I. Tabet. Development and Quantitative Analysis of Automatic Electrical Impedance Tomography Signal Component Detection and Separation Algorithms. Institute of Biomedical Engineering, Karlsruhe Institute of Technology (KIT). Bachelorarbeit. 2019
Abstract:
Pulmonary diseases are responsible for over 3 million deaths per year worldwide and more people are currently suffering from underdiagnosed pulmonary diseases. A proper diagnosis of pulmonary diseases requires an adequate respiratory monitoring. With the electrical impedance tomography (EIT) it is already possible to visualize the distribution of air inside the lungs and even the estimation of pulmonary perfusion by the use of the indicator dilution theory provides promising results. For perfusion estimation, a bolus of saline solution is injected to monitor the impedance changes caused by the higher conductivity of the injected indicator. However, this has only been shown for measurements in absence of respiration so far which requires a potentially strenuous ventilatory hold. This thesis deals with the detection of bolus signals during mechanical ventilation and their separation from respiration, which might further allow for a clinically more accepted method.

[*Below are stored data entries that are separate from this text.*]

lemma (in prob_space) mean_vec_distr:
  assumes "X \<in> measurable M (vecspace d)" "k < d"
  shows "mean_vec (distr M (vecspace d) X) d k = expectation (\<lambda>\<omega>. X \<omega> k)"
  unfolding mean_vec_def using assms(1) measurable_vecspace_component[OF assms(2)]
  by (rule integral_distr)

lemma (in prob_space) trace_cov_distr:
  assumes "X \<in> measurable M (vecspace d)"
  shows "trace_cov (distr M (vecspace d) X) d = (\<Sum>k<d. variance (\<lambda>\<omega>. X \<omega> k))"
proof -
  have "(\<integral>x. (x k - mean_vec (distr M (vecspace d) X) d k)^2 \<partial>distr M (vecspace d) X)
      = variance (\<lambda>\<omega>. X \<omega> k)" if "k < d" for k
    using assms measurable_vecspace_component[OF that]
    by (simp add: integral_distr mean_vec_distr[OF assms that])
  then show ?thesis
    unfolding trace_cov_def by simp
qed

lemma (in prob_space) expectation_sqdist_indep:
  assumes X: "X \<in> measurable M (vecspace d)" and Y: "Y \<in> measurable M (vecspace d)"
    and ind: "indep_var (vecspace d) X (vecspace d) Y"
    and X2: "\<And>k. k < d \<Longrightarrow> integrable M (\<lambda>\<omega>. (X \<omega> k)^2)"
    and Y2: "\<And>k. k < d \<Longrightarrow> integrable M (\<lambda>\<omega>. (Y \<omega> k)^2)"
  shows "expectation (\<lambda>\<omega>. sqdist d (X \<omega>) (Y \<omega>))
    = trace_cov (distr M (vecspace d) X) d + trace_cov (distr M (vecspace d) Y) d
      + (\<Sum>k<d. (mean_vec (distr M (vecspace d) X) d k - mean_vec (distr M (vecspace d) Y) d k)^2)"
proof -
  have coordinate: "integrable M (\<lambda>\<omega>. (X \<omega> k - Y \<omega> k)^2) \<and>
      expectation (\<lambda>\<omega>. (X \<omega> k - Y \<omega> k)^2) = variance (\<lambda>\<omega>. X \<omega> k) + variance (\<lambda>\<omega>. Y \<omega> k)
        + (expectation (\<lambda>\<omega>. X \<omega> k) - expectation (\<lambda>\<omega>. Y \<omega> k))^2" if "k < d" for k
  proof -
    have comp: "(\<lambda>x. x k) \<in> borel_measurable (vecspace d)"
      using that by (rule measurable_vecspace_component)
    have "indep_var borel ((\<lambda>x. x k) \<circ> X) borel ((\<lambda>x. x k) \<circ> Y)"
      by (rule indep_var_compose[OF ind comp comp])
    moreover have "integrable M (\<lambda>\<omega>. X \<omega> k)"
      using measurable_compose[OF X comp] X2[OF that] by (rule square_integrable_imp_integrable)
    moreover have "integrable M (\<lambda>\<omega>. Y \<omega> k)"
      using measurable_compose[OF Y comp] Y2[OF that] by (rule square_integrable_imp_integrable)
    ultimately show ?thesis
      using expectation_sq_diff_indep[of "\<lambda>\<omega>. X \<omega> k" "\<lambda>\<omega>. Y \<omega> k"] X2[OF that] Y2[OF that]
      by (simp add: comp_def)
  qed
  have "expectation (\<lambda>\<omega>. sqdist d (X \<omega>) (Y \<omega>)) = (\<Sum>k<d. expectation (\<lambda>\<omega>. (X \<omega> k - Y \<omega> k)^2))"
    unfolding sqdist_def using coordinate by (intro Bochner_Integration.integral_sum) auto
  also have "\<dots> = (\<Sum>k<d. variance (\<lambda>\<omega>. X \<omega> k) + variance (\<lambda>\<omega>. Y \<omega> k)
        + (expectation (\<lambda>\<omega>. X \<omega> k) - expectation (\<lambda>\<omega>. Y \<omega> k))^2)"
    using coordinate by (intro sum.cong) auto
  also have "\<dots> = trace_cov (distr M (vecspace d) X) d + trace_cov (distr M (vecspace d) Y) d
      + (\<Sum>k<d. (mean_vec (distr M (vecspace d) X) d k - mean_vec (distr M (vecspace d) Y) d k)^2)"
    unfolding trace_cov_distr[OF X] trace_cov_distr[OF Y] sum.distrib[symmetric]
    by (intro sum.cong refl) (simp add: mean_vec_distr[OF X] mean_vec_distr[OF Y])
  finally show ?thesis .
qed

lemma (in prob_space) integral_sqdist_indep:
  assumes X: "X \<in> measurable M (vecspace d)" and Y: "Y \<in> measurable M (vecspace d)"
    and ind: "indep_var (vecspace d) X (vecspace d) Y"
    and X2: "\<And>k. k < d \<Longrightarrow> integrable (distr M (vecspace d) X) (\<lambda>x. (x k)^2)"
    and Y2: "\<And>k. k < d \<Longrightarrow> integrable (distr M (vecspace d) Y) (\<lambda>x. (x k)^2)"
  shows "(\<integral>(x, y). (1 / real d) * (\<Sum>k<d. (x k - y k)^2) \<partial>(distr M (vecspace d) X \<Otimes>\<^sub>M distr M (vecspace d) Y))
    = (trace_cov (distr M (vecspace d) X) d + trace_cov (distr M (vecspace d) Y) d
      + (\<Sum>k<d. (mean_vec (distr M (vecspace d) X) d k - mean_vec (distr M (vecspace d) Y) d k)^2)) / real d"
proof -
  have XY: "(\<lambda>\<omega>. (X \<omega>, Y \<omega>)) \<in> measurable M (vecspace d \<Otimes>\<^sub>M vecspace d)"
    using X Y by measurable
  have f: "(\<lambda>(x, y). (1 / real d) * (\<Sum>k<d. (x k - y k)^2)) \<in> borel_measurable (vecspace d \<Otimes>\<^sub>M vecspace d)"
    unfolding vecspace_def by measurable
  have "distr M (vecspace d) X \<Otimes>\<^sub>M distr M (vecspace d) Y = distr M (vecspace d \<Otimes>\<^sub>M vecspace d) (\<lambda>\<omega>. (X \<omega>, Y \<omega>))"
    using ind unfolding indep_var_distribution_eq by simp
  then have "(\<integral>(x, y). (1 / real d) * (\<Sum>k<d. (x k - y k)^2) \<partial>(distr M (vecspace d) X \<Otimes>\<^sub>M distr M (vecspace d) Y))
      = (\<integral>\<omega>. (1 / real d) * (\<Sum>k<d. (X \<omega> k - Y \<omega> k)^2) \<partial>M)"
    using integral_distr[OF XY f] by simp
  also have "\<dots> = expectation (\<lambda>\<omega>. sqdist d (X \<omega>) (Y \<omega>)) / real d"
    by (simp add: sqdist_def)
  finally show ?thesis
    using expectation_sqdist_indep[OF X Y ind integrable_component_sq[OF X _ X2] integrable_component_sq[OF Y _ Y2]]
    by simp
qed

The bolus detection was realized using a matched filter (MF) approach and evaluated on measured data with regard to sensitivity and specificity. Synthetic EIT signals were generated and used to analyze a separation based on frequency filtering. The separation quality was investigated using multiple error and similarity measures to compare original and separated signals. The automatic bolus detection algorithm provided satisfying results with a sensitivity over 96 % and specificity of 92 % for bolus injections with 5 % NaCl concentration. Further- more, the separation of those signals yielded correlation coefficients greater 0.94. However, morphological signal parameter differed between bolus signals before and after separation, which could lead to a misinterpretation of EIT indicator perfusion measurements.